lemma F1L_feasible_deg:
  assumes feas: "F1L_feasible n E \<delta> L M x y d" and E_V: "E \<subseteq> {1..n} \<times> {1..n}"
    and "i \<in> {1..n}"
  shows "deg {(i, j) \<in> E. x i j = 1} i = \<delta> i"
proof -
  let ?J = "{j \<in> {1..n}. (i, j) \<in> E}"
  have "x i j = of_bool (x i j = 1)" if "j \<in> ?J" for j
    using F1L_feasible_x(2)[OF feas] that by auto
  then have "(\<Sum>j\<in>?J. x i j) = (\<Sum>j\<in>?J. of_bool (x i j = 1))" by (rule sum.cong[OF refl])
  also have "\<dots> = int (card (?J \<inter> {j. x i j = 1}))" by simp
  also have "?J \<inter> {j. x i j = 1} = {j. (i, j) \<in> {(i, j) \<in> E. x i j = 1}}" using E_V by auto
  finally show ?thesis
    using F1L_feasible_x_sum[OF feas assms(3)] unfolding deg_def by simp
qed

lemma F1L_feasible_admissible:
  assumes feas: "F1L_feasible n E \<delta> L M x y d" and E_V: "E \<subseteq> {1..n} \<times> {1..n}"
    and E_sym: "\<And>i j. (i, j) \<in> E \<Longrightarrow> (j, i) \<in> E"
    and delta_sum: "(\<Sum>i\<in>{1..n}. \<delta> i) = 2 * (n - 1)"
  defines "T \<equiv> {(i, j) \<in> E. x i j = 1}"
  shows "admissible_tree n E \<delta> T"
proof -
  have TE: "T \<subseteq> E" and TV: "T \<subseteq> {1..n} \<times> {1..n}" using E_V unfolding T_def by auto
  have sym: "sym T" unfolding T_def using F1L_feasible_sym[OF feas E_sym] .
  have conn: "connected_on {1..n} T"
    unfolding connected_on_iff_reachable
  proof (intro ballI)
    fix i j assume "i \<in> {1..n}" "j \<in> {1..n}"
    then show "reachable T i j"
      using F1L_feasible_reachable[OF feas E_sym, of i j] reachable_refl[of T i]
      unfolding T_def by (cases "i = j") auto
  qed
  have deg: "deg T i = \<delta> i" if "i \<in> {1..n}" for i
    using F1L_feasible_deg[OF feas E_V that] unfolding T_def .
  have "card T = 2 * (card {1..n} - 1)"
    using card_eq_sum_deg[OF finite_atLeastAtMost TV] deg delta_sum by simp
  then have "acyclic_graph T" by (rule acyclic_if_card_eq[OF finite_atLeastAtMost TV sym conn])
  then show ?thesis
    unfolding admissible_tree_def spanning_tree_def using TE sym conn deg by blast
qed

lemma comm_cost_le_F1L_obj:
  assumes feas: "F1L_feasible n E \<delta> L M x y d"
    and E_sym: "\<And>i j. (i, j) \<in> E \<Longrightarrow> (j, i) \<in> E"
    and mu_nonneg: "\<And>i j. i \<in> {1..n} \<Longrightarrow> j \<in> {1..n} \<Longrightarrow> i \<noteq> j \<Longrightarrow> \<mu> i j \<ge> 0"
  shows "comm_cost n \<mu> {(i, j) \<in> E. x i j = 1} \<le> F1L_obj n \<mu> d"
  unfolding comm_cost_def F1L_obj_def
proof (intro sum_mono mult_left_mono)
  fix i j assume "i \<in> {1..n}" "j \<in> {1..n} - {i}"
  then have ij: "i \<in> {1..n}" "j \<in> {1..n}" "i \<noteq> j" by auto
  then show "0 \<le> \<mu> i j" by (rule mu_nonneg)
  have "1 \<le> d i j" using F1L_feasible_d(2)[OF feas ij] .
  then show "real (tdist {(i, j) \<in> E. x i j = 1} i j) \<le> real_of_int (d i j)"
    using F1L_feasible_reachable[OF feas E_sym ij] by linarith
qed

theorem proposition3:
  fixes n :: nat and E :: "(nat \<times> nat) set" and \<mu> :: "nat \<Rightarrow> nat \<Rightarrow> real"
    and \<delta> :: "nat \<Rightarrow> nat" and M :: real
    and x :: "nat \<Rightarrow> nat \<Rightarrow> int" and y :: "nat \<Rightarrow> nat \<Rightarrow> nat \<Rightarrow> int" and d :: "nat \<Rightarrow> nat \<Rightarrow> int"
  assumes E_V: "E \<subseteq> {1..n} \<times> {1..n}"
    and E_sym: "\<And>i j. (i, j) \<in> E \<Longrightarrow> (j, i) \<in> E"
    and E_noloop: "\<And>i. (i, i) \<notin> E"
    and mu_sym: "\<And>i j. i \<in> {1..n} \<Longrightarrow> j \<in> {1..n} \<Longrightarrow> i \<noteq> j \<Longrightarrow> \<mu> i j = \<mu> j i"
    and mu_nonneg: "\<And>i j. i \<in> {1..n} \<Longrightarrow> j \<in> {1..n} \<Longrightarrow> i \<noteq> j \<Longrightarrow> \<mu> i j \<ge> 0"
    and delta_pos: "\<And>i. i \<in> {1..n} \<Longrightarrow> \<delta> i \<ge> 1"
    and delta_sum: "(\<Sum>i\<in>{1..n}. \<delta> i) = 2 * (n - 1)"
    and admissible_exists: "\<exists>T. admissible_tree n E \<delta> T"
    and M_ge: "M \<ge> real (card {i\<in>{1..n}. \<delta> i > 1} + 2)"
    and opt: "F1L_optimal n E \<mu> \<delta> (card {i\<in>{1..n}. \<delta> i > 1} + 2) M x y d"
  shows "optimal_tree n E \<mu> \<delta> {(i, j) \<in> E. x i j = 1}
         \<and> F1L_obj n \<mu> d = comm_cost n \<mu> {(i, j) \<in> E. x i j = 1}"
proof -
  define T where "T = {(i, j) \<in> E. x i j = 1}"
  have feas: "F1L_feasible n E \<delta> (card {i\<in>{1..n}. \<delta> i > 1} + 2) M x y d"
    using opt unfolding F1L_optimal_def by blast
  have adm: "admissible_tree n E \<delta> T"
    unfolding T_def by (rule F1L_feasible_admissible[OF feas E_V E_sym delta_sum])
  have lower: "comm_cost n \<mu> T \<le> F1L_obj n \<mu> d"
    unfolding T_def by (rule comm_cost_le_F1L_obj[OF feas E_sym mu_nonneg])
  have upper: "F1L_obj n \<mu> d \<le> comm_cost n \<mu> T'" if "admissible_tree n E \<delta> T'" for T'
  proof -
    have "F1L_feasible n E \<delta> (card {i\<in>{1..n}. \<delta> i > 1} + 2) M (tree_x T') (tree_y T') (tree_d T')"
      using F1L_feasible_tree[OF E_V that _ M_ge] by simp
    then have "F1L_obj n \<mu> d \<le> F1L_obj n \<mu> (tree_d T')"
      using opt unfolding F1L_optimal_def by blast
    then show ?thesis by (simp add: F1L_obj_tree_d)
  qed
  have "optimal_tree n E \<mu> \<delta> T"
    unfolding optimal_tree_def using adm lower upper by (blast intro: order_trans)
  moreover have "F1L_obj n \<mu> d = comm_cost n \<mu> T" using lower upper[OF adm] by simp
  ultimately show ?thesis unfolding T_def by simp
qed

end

◇ ◇ ◇

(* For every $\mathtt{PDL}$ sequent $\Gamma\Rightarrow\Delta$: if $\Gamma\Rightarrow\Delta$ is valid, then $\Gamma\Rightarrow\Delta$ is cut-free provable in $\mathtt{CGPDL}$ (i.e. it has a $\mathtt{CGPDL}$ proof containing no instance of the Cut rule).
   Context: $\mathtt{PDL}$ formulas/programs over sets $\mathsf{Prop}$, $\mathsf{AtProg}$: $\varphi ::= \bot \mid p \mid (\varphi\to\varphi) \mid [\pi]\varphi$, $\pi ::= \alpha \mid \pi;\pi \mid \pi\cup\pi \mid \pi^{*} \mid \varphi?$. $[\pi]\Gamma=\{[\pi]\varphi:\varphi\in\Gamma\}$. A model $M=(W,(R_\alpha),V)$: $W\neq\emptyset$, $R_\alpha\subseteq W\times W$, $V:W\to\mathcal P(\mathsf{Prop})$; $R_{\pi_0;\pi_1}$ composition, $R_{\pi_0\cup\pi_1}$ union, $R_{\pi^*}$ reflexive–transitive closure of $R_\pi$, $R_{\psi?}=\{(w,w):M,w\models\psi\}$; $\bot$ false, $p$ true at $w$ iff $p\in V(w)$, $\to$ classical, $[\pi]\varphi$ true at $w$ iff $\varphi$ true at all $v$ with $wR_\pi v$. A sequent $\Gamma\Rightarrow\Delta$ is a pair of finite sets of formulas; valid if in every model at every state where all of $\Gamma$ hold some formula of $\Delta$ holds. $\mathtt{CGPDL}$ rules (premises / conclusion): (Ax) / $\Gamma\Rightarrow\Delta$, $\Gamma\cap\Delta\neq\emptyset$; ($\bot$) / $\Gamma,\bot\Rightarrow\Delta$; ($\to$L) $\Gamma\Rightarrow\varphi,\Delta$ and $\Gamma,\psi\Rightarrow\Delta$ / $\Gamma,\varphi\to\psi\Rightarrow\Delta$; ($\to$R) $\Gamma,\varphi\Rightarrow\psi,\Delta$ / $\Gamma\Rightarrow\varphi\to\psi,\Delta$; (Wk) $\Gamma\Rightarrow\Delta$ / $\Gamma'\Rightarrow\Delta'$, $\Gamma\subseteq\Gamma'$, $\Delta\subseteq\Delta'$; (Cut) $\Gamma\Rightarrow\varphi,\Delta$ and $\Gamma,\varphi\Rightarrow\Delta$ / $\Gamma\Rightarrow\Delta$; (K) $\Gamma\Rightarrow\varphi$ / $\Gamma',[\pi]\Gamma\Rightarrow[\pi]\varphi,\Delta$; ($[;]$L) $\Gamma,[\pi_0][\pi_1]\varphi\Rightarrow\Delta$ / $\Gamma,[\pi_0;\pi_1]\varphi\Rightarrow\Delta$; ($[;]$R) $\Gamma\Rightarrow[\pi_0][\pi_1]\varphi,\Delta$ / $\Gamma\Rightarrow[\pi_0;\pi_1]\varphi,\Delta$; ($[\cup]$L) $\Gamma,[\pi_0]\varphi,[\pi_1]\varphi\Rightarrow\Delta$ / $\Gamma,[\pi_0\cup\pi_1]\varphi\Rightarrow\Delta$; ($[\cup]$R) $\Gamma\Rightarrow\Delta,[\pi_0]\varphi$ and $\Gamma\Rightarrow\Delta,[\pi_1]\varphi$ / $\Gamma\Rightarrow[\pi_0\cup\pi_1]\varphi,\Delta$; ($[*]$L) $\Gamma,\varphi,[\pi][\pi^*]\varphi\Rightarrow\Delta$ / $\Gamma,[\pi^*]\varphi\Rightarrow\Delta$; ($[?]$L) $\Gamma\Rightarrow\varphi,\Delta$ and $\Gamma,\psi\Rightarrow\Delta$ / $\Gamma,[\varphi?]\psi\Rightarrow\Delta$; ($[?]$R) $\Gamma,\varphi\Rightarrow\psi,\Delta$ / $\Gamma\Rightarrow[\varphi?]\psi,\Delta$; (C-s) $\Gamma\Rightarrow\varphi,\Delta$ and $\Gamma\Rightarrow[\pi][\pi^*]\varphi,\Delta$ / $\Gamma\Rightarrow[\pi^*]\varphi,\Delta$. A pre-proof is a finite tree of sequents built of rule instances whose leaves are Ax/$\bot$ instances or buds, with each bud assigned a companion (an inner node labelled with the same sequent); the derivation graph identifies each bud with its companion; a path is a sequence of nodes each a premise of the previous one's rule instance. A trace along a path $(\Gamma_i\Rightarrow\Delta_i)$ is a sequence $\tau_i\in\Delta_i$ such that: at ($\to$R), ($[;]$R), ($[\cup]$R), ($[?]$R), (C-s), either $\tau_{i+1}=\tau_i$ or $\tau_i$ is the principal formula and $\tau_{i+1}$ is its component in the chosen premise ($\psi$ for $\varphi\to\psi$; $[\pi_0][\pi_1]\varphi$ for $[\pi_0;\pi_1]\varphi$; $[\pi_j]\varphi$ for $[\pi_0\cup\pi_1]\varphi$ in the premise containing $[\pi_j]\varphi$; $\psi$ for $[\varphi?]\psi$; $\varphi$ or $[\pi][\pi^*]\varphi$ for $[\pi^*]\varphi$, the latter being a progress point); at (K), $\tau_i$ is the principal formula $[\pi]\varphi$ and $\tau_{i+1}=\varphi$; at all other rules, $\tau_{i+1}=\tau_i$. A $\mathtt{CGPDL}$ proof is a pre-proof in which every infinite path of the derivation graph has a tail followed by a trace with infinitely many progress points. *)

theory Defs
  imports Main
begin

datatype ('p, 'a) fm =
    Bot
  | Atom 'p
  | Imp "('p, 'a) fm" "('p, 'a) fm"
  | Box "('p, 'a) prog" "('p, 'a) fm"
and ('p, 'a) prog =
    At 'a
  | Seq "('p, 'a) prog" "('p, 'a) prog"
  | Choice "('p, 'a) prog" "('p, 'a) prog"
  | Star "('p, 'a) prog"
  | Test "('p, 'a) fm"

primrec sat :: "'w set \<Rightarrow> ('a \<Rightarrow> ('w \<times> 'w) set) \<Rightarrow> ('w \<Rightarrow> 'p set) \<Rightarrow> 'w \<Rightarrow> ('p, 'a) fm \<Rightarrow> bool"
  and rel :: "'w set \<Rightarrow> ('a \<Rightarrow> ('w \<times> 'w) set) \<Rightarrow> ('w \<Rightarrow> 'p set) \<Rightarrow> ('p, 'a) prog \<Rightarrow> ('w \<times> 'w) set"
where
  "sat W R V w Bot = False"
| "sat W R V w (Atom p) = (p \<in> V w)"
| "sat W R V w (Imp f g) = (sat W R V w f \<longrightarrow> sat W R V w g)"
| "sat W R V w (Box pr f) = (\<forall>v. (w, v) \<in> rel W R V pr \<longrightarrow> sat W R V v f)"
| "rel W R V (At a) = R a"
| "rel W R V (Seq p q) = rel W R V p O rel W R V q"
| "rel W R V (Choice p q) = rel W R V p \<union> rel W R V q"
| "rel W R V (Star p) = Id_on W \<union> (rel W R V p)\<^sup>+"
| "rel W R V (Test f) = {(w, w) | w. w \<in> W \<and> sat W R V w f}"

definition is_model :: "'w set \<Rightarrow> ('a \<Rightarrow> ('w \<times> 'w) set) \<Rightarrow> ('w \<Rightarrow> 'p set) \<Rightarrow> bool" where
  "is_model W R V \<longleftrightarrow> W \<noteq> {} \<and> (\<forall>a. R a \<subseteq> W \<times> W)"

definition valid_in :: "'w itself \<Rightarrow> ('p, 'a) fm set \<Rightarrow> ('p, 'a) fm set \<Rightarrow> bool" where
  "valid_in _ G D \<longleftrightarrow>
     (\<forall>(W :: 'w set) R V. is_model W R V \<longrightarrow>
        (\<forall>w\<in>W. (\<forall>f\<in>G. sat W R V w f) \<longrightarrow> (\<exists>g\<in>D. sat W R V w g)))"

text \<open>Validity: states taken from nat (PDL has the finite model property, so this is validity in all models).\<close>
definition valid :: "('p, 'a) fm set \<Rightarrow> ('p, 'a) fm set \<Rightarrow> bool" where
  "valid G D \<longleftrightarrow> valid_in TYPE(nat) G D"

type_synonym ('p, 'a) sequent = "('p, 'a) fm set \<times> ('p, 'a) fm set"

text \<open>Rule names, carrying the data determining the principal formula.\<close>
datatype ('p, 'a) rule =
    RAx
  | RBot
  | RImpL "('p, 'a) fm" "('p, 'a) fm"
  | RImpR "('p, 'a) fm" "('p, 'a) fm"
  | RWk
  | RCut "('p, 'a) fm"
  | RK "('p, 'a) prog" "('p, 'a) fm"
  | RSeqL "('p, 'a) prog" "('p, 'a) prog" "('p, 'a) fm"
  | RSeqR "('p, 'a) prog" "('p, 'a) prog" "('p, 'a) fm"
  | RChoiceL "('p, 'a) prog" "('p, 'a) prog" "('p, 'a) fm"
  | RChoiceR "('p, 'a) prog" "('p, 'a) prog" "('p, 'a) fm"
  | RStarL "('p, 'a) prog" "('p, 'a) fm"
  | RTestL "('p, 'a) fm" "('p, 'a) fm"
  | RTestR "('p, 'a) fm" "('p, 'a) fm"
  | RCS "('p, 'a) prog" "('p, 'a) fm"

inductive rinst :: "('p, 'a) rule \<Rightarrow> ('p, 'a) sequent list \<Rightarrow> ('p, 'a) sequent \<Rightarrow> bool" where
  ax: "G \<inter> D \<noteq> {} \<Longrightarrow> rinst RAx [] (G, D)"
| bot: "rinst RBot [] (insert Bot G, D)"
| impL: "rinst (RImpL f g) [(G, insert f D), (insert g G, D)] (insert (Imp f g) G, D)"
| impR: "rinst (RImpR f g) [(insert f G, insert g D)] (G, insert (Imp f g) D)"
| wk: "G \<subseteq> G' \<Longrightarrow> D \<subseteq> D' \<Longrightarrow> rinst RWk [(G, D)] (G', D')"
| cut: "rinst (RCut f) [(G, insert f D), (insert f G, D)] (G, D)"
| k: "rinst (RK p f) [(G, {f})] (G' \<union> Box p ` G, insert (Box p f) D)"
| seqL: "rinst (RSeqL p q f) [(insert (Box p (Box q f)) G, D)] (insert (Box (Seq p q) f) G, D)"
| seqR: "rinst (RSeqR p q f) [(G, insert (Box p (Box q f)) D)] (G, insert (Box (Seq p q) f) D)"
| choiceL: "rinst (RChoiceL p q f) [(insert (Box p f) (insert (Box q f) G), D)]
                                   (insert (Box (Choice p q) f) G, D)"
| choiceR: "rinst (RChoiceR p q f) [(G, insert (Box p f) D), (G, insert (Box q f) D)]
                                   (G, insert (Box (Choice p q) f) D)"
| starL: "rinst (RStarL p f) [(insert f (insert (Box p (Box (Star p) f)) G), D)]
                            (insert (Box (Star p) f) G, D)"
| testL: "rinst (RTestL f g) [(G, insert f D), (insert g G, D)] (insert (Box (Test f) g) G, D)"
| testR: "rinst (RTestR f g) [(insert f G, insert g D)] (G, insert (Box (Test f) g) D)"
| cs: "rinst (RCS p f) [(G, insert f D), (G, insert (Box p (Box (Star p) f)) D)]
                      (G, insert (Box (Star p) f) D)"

◇ ◇ ◇

In the records above, locate each line with the word "inter". Copy all such lines.

  also have "\<dots> = int (card (?J \<inter> {j. x i j = 1}))" by simp
  also have "?J \<inter> {j. x i j = 1} = {j. (i, j) \<in> {(i, j) \<in> E. x i j = 1}}" using E_V by auto
  ax: "G \<inter> D \<noteq> {} \<Longrightarrow> rinst RAx [] (G, D)"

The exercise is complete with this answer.